PROBLEM STATEMENT:
Once the line containing "le_imp_power_dvd) (simp add: b_def)" is found in the entries below, restate it and each following line word for word, stopping after the line containing "by (rule inj_on_subset[OF".

PROVIDED INFORMATION:
text \<open>A half character modulo p^e: a class of residues prime to p, depending only on the
  residue modulo p^e, containing no product of two of its members, and into which
  multiplication by a fixed unit g moves every other residue prime to p.  Quadratic
  non-residues (odd p, e = 1) and the class 3 mod 4 (p = 2, e = 2) are examples.\<close>
locale half_character =
  fixes p e g :: nat and bad :: "nat \<Rightarrow> bool"
  assumes prime_p: "prime p" and e_pos: "1 \<le> e"
    and bad_coprime: "\<And>u. bad u \<Longrightarrow> \<not> p dvd u"
    and bad_cong: "\<And>u w. [u = w] (mod p ^ e) \<Longrightarrow> bad u \<longleftrightarrow> bad w"
    and bad_mult: "\<And>u v. bad u \<Longrightarrow> bad v \<Longrightarrow> \<not> bad (u * v)"
    and g_coprime: "\<not> p dvd g"
    and g_flip: "\<And>u. \<not> p dvd u \<Longrightarrow> \<not> bad u \<Longrightarrow> bad (g * u)"
begin

definition bad_set :: "nat \<Rightarrow> nat set" where
  "bad_set a = {x. x < p ^ a \<and> (\<exists>j u. j + e \<le> a \<and> x = p ^ j * u \<and> bad u)}"

lemma p_pos: "0 < p"
  using prime_gt_0_nat[OF prime_p] .

lemma bad_set_finite: "finite (bad_set a)"
  by (rule finite_subset[of _ "{..<p ^ a}"]) (auto simp: bad_set_def)

text \<open>Different valuations s \<noteq> k are told apart by
  the power p^(min s k + 1), which divides p^a; for s = k the congruence descends to
  u v \<equiv> w (mod p^e), so u v would be bad.\<close>
lemma no_bad_relation:
  assumes bad: "bad u" "bad v" "bad w" and ka: "k + e \<le> a"
    and rel: "[p ^ s * (u * v) = p ^ k * w] (mod p ^ a)"
  shows False
proof -
  have same_dvd: "d dvd p ^ s * (u * v) \<longleftrightarrow> d dvd p ^ k * w" if "d dvd p ^ a" for d
    using rel that by (meson cong_dvd_iff cong_dvd_modulus_nat)
  consider "k < s" | "s < k" | "s = k" by linarith
  then show False
  proof cases
    case 1
    have "p ^ Suc k dvd p ^ s * (u * v)" using 1 by (intro dvd_mult2 le_imp_power_dvd) simp
    moreover have "p ^ Suc k dvd p ^ a" using ka e_pos by (intro le_imp_power_dvd) simp
    ultimately have "p ^ Suc k dvd p ^ k * w" using same_dvd by blast
    thus False using power_Suc_dvd_cancel[OF p_pos] bad_coprime[OF bad(3)] by blast
  next
    case 2
    have "p ^ Suc s dvd p ^ k * w" using 2 by (intro dvd_mult2 le_imp_power_dvd) simp
    moreover have "p ^ Suc s dvd p ^ a" using ka 2 by (intro le_imp_power_dvd) simp
    ultimately have "p ^ Suc s dvd p ^ s * (u * v)" using same_dvd by blast
    hence "p dvd u * v" by (rule power_Suc_dvd_cancel[OF p_pos])
    thus False using prime_p bad_coprime[OF bad(1)] bad_coprime[OF bad(2)]
      by (simp add: prime_dvd_mult_iff)
  next
    case 3
    have pa: "p ^ a = p ^ k * p ^ (a - k)" using ka by (simp flip: power_add)
    have "p ^ k * ((u * v) mod p ^ (a - k)) = p ^ k * (w mod p ^ (a - k))"
      using rel 3 unfolding cong_def pa by (simp only: mod_mult_mult1)
    hence "[u * v = w] (mod p ^ (a - k))" using p_pos by (simp add: cong_def)
    moreover have "p ^ e dvd p ^ (a - k)" using ka by (intro le_imp_power_dvd) simp
    ultimately have "[u * v = w] (mod p ^ e)" by (rule cong_dvd_modulus_nat)
    hence "bad (u * v)" using bad_cong bad(3) by blast
    thus False using bad_mult bad(1,2) by blast
  qed
qed

lemma bad_set_product_free: "product_free (p ^ a) (bad_set a)"
  unfolding product_free_def
proof safe
  fix x y z assume h: "x \<in> bad_set a" "y \<in> bad_set a" "z \<in> bad_set a"
    "(x * y) mod p ^ a = z mod p ^ a"
  from h(1) obtain i u where u: "x = p ^ i * u" "bad u" by (auto simp: bad_set_def)
  from h(2) obtain j v where v: "y = p ^ j * v" "bad v" by (auto simp: bad_set_def)
  from h(3) obtain k w where w: "k + e \<le> a" "z = p ^ k * w" "bad w" by (auto simp: bad_set_def)
  have "x * y = p ^ (i + j) * (u * v)" using u v by (simp add: power_add algebra_simps)
  hence "[p ^ (i + j) * (u * v) = p ^ k * w] (mod p ^ a)" using h(4) w by (simp add: cong_def)
  thus False using no_bad_relation[OF u(2) v(2) w(3) w(1)] by blast
qed (auto simp: bad_set_def)

lemma flip_into_bad_set:
  assumes ea: "e \<le> a" and x: "x < p ^ a" "\<not> p ^ (a - e + 1) dvd x" "x \<notin> bad_set a"
  shows "(g * x) mod p ^ a \<in> bad_set a"
proof -
  have "x \<noteq> 0" using x(2) by (metis dvd_0_right)
  define j where "j = multiplicity p x"
  obtain u where xu: "x = p ^ j * u" and u: "\<not> p dvd u"
    using multiplicity_decompose'[OF \<open>x \<noteq> 0\<close>, of p] prime_gt_1_nat[OF prime_p]
    unfolding j_def by (metis nat_dvd_1_iff_1 less_irrefl)
  have j: "j + e \<le> a"
  proof (rule ccontr)
    assume "\<not> j + e \<le> a"
    hence "p ^ (a - e + 1) dvd p ^ j" using ea by (intro le_imp_power_dvd) simp
    moreover have "p ^ j dvd x" using xu by simp
    ultimately show False using x(2) dvd_trans by blast
  qed
  have "\<not> bad u" using x(1,3) xu j by (auto simp: bad_set_def)
  hence bad_gu: "bad (g * u)" using g_flip u by blast
  have dvd_e: "p ^ e dvd p ^ (a - j)" using j by (intro le_imp_power_dvd) simp
  have "[(g * u) mod p ^ (a - j) = g * u] (mod p ^ (a - j))" by (simp add: cong_def)
  hence "[(g * u) mod p ^ (a - j) = g * u] (mod p ^ e)" using dvd_e by (rule cong_dvd_modulus_nat)
  hence bad_r: "bad ((g * u) mod p ^ (a - j))" using bad_cong bad_gu by blast
  have pa: "p ^ a = p ^ j * p ^ (a - j)" using j by (simp flip: power_add)
  have "g * x = p ^ j * (g * u)" using xu by simp
  hence gx: "(g * x) mod p ^ a = p ^ j * ((g * u) mod p ^ (a - j))"
    unfolding pa by (simp only: mod_mult_mult1)
  have "(g * x) mod p ^ a < p ^ a" using p_pos by simp
  thus ?thesis unfolding bad_set_def using j gx bad_r by blast
qed

text \<open>Counting: the residues of valuation at most a - e number p^a - p^(e-1); they contain
  bad_set a, and multiplication by g injects the rest of them into bad_set a.\<close>
lemma bad_set_card:
  assumes ea: "e \<le> a"
  shows "p ^ a - p ^ (e - 1) \<le> 2 * card (bad_set a)"
proof -
  define b where "b = a - e + 1"
  define N where "N = {x. x < p ^ a \<and> \<not> p ^ b dvd x}"
  define B where "B = bad_set a"
  have "a = b + (e - 1)" using ea e_pos by (simp add: b_def)
  hence pa: "p ^ a = p ^ b * p ^ (e - 1)" by (metis power_add)
  define M where "M = {x. x < p ^ b * p ^ (e - 1) \<and> p ^ b dvd x}"
  have M_sub: "M \<subseteq> {..<p ^ a}" by (auto simp: M_def pa)
  have "card M = p ^ (e - 1)" unfolding M_def using p_pos by (intro card_multiples_below) simp
  moreover have "N = {..<p ^ a} - M" unfolding N_def M_def pa by auto
  ultimately have card_N: "card N = p ^ a - p ^ (e - 1)"
    using M_sub finite_subset[OF M_sub] by (simp add: card_Diff_subset)
  have BN: "B \<subseteq> N"
  proof
    fix x assume "x \<in> B"
    then obtain j u where x: "x < p ^ a" "j + e \<le> a" "x = p ^ j * u" "bad u"
      by (auto simp: B_def bad_set_def)
    have "\<not> p ^ b dvd x"
    proof
      assume "p ^ b dvd x"
      moreover have "p ^ Suc j dvd p ^ b" using x(2) by (intro le_imp_power_dvd) (simp add: b_def)
      ultimately have "p ^ Suc j dvd p ^ j * u" using x(3) dvd_trans by blast
      thus False using power_Suc_dvd_cancel[OF p_pos] bad_coprime[OF x(4)] by blast
    qed
    thus "x \<in> N" using x by (simp add: N_def)
  qed
  have "coprime g (p ^ a)" using prime_imp_coprime[OF prime_p g_coprime] by (simp add: coprime_commute)
  hence "inj_on (\<lambda>x. (g * x) mod p ^ a) (N - B)"
    by (rule inj_on_subset[OF inj_on_mult_mod]) (auto simp: N_def)
  moreover have "(\<lambda>x. (g * x) mod p ^ a) ` (N - B) \<subseteq> B"
    using flip_into_bad_set[OF ea] by (auto simp: N_def B_def b_def)
  ultimately have "card (N - B) \<le> card B" using bad_set_finite by (intro card_inj_on_le) (auto simp: B_def)
  moreover have "card N = card (N - B) + card B"
    using BN bad_set_finite card_mono[OF _ BN] by (simp add: B_def N_def card_Diff_subset)
  ultimately show ?thesis using card_N unfolding B_def by linarith
qed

OUTPUT BELOW:
      moreover have "p ^ Suc j dvd p ^ b" using x(2) by (intro le_imp_power_dvd) (simp add: b_def)
      ultimately have "p ^ Suc j dvd p ^ j * u" using x(3) dvd_trans by blast
      thus False using power_Suc_dvd_cancel[OF p_pos] bad_coprime[OF x(4)] by blast
    qed
    thus "x \<in> N" using x by (simp add: N_def)
  qed
  have "coprime g (p ^ a)" using prime_imp_coprime[OF prime_p g_coprime] by (simp add: coprime_commute)
  hence "inj_on (\<lambda>x. (g * x) mod p ^ a) (N - B)"
    by (rule inj_on_subset[OF inj_on_mult_mod]) (auto simp: N_def)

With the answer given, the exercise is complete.